YOUR OBJECTIVE — Take every line from the material that has the word "where" in it.

===== INPUT MATERIAL

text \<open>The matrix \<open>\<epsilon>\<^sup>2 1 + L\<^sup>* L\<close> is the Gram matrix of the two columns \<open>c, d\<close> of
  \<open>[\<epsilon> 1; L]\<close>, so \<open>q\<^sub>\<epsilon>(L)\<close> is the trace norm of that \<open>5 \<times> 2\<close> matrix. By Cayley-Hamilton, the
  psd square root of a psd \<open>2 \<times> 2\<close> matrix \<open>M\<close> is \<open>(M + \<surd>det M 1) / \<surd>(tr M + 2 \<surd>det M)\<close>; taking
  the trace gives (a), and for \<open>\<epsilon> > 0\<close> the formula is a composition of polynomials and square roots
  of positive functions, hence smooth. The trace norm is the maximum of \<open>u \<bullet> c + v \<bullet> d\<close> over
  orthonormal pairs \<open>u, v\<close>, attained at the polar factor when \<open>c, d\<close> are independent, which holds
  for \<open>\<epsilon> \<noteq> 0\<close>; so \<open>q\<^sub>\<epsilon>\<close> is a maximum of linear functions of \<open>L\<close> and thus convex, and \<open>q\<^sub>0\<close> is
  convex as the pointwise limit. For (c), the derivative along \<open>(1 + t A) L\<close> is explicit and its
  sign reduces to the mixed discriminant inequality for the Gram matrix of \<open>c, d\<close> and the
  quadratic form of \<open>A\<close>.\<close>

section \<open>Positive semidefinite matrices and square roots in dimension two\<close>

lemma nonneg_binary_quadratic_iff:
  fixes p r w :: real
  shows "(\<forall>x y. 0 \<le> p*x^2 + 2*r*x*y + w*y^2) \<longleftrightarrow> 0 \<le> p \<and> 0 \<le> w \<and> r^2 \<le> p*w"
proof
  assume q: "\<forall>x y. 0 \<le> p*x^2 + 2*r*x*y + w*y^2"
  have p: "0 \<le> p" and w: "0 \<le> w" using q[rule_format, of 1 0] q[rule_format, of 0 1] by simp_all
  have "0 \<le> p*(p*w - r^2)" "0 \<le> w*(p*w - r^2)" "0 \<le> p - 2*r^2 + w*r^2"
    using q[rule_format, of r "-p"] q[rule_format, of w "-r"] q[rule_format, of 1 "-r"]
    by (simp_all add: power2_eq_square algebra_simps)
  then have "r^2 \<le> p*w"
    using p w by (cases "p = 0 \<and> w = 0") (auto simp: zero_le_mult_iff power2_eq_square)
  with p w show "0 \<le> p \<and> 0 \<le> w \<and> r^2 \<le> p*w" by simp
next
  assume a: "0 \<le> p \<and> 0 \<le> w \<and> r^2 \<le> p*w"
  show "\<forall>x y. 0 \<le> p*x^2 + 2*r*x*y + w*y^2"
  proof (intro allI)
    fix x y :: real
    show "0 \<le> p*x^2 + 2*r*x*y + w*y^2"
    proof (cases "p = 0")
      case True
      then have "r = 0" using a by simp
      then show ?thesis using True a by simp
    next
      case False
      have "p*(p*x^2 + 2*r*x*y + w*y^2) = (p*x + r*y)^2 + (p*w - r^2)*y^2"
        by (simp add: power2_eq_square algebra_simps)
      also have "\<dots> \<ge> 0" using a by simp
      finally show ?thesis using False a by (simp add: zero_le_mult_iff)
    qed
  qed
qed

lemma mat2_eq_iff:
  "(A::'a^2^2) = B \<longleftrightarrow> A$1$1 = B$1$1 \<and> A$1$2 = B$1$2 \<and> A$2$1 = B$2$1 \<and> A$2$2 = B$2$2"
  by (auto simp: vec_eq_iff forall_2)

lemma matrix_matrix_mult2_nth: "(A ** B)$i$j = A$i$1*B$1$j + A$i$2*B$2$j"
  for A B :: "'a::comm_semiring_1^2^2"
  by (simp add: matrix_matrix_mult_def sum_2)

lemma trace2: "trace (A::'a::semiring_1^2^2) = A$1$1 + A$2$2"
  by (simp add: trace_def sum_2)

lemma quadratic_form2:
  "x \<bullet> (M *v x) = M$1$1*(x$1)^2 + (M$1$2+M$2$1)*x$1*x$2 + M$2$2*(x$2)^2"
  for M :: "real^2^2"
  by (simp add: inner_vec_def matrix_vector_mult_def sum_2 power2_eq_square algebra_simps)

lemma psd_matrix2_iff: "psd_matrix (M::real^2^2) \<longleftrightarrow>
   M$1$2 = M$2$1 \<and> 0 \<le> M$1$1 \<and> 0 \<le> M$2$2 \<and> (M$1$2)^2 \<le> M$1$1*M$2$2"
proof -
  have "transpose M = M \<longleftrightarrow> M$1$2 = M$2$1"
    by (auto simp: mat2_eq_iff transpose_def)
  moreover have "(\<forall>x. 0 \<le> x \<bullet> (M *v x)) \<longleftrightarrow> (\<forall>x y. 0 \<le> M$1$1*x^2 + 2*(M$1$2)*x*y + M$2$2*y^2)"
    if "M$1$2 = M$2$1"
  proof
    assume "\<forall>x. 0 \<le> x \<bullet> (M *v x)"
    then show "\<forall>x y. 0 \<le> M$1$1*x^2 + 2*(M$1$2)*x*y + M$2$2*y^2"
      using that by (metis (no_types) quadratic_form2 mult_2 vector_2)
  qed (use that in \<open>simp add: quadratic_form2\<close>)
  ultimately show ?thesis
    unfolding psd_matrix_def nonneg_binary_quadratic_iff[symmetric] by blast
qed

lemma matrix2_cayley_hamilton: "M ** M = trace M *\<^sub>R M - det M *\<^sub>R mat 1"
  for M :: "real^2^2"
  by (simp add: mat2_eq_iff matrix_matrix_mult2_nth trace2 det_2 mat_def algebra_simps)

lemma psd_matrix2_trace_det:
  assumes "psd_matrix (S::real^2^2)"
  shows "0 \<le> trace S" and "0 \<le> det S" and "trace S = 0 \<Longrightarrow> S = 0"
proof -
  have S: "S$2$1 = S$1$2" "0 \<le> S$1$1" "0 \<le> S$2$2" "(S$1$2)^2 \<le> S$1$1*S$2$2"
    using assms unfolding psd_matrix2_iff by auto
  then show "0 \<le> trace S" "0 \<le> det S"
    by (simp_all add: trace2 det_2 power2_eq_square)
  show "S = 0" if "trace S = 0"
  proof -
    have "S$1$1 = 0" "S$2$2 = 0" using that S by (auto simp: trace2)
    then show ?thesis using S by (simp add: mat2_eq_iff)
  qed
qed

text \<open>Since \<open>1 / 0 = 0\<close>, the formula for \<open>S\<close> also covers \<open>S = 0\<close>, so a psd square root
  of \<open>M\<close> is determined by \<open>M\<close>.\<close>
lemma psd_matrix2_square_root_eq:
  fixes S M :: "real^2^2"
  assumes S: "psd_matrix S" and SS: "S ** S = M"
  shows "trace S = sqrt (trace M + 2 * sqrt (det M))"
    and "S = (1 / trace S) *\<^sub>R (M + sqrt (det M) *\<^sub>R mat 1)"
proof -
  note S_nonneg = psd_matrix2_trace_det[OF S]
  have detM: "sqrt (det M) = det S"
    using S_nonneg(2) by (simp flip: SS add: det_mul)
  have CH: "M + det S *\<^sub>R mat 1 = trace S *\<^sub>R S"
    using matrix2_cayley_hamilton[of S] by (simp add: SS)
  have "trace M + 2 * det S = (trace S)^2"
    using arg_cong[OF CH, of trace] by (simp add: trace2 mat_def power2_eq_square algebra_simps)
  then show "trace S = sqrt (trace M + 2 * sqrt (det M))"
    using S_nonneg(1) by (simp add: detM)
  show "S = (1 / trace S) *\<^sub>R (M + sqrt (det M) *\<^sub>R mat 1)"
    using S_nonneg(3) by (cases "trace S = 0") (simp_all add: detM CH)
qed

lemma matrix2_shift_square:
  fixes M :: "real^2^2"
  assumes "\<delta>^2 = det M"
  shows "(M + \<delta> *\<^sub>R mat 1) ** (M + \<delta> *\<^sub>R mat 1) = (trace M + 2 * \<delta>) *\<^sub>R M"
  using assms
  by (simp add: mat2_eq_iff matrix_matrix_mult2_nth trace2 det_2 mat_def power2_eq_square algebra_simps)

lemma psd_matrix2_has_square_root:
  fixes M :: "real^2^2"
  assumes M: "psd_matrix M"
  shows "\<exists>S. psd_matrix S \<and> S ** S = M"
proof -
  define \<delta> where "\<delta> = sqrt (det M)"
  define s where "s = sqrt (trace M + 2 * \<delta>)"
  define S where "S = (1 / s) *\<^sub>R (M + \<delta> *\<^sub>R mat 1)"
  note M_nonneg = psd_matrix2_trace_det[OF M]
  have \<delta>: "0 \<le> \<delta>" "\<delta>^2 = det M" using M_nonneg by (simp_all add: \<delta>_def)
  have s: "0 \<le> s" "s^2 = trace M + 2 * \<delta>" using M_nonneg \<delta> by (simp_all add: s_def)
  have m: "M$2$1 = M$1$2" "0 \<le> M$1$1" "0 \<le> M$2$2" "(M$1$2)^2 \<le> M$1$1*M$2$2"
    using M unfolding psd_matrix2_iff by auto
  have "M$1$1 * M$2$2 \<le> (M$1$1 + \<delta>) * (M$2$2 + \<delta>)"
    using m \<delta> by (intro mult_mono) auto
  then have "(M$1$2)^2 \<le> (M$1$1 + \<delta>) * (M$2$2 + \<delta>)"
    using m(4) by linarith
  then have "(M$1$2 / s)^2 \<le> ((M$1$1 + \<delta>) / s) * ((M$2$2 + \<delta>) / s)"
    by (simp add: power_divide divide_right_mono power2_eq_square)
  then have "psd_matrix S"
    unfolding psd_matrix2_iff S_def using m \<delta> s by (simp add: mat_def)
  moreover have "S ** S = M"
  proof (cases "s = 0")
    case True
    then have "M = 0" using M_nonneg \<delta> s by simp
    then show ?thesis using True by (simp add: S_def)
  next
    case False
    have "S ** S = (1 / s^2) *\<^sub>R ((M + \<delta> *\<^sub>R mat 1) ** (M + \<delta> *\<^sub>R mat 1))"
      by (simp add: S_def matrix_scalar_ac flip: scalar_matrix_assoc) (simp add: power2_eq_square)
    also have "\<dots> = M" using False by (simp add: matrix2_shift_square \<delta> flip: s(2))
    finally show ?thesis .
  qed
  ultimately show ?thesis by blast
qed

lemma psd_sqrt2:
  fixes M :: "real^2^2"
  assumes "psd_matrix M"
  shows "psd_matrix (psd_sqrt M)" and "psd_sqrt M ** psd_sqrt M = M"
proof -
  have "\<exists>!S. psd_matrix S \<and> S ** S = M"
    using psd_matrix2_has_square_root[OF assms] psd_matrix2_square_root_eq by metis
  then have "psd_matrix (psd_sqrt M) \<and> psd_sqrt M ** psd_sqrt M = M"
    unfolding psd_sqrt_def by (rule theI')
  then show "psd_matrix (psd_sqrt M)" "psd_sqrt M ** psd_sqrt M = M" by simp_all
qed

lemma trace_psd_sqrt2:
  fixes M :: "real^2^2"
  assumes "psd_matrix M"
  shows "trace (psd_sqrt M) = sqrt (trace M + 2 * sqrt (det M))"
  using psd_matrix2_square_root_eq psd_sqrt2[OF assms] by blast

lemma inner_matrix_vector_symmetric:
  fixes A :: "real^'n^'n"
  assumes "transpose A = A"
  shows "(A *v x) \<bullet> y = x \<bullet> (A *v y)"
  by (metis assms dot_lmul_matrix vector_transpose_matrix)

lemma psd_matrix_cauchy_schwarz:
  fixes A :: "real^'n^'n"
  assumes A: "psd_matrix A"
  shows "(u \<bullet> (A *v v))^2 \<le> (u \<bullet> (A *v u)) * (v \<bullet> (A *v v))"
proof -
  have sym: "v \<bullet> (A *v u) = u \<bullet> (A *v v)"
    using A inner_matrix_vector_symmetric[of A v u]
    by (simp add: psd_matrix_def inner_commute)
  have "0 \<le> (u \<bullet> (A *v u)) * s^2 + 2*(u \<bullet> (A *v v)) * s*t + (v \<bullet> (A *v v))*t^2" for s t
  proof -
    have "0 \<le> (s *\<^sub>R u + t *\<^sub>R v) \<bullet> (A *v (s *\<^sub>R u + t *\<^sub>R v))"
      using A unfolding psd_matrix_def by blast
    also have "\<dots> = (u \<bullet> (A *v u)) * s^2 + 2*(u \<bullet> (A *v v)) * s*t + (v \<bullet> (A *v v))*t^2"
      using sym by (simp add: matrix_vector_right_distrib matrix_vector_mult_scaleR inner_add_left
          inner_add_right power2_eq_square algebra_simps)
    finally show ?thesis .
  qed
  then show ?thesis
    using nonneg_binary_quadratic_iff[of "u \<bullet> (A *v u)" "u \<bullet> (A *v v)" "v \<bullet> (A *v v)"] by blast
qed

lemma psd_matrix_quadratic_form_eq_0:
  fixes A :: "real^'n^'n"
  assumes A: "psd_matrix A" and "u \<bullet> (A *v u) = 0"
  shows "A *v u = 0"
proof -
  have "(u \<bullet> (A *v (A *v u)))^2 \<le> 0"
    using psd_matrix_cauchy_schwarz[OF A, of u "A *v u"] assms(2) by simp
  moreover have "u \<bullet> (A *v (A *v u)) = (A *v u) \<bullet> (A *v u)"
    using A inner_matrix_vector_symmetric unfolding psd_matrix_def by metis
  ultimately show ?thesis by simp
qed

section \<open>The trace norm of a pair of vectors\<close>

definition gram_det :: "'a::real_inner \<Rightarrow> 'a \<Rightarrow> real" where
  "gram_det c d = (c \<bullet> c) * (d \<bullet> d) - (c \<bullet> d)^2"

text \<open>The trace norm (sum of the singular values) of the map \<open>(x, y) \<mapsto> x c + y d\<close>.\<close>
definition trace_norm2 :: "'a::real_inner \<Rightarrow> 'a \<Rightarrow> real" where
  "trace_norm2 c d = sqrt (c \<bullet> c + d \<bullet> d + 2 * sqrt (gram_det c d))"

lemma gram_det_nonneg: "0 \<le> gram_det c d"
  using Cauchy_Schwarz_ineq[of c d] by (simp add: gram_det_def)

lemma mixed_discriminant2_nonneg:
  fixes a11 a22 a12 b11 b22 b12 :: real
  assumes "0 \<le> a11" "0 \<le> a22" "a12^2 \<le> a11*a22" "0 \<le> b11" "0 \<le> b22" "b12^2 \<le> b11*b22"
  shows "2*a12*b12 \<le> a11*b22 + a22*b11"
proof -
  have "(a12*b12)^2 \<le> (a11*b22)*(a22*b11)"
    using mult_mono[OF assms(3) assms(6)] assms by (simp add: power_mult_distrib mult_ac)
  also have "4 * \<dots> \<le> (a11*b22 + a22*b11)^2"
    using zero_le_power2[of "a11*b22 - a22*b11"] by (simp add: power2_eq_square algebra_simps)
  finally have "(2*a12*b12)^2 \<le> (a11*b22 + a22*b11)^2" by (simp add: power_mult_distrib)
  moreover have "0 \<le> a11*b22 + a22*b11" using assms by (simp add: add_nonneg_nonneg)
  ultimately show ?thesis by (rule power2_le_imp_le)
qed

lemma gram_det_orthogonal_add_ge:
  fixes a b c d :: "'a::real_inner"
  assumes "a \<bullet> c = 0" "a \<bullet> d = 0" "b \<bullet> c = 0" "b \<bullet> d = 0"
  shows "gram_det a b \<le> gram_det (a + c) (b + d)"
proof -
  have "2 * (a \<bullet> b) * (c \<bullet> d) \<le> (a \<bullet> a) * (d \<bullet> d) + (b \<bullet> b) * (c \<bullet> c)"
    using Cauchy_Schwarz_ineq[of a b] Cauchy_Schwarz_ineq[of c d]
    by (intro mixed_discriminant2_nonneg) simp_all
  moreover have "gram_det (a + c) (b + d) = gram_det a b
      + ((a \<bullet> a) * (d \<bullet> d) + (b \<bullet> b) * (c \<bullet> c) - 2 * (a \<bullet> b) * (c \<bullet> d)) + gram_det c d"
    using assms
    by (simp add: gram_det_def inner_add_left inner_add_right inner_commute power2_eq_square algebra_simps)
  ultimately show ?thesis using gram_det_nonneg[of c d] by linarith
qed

==========

RESPONSE TO THIS TASK —
  define \<delta> where "\<delta> = sqrt (det M)"
  define s where "s = sqrt (trace M + 2 * \<delta>)"
  define S where "S = (1 / s) *\<^sub>R (M + \<delta> *\<^sub>R mat 1)"
definition gram_det :: "'a::real_inner \<Rightarrow> 'a \<Rightarrow> real" where
definition trace_norm2 :: "'a::real_inner \<Rightarrow> 'a \<Rightarrow> real" where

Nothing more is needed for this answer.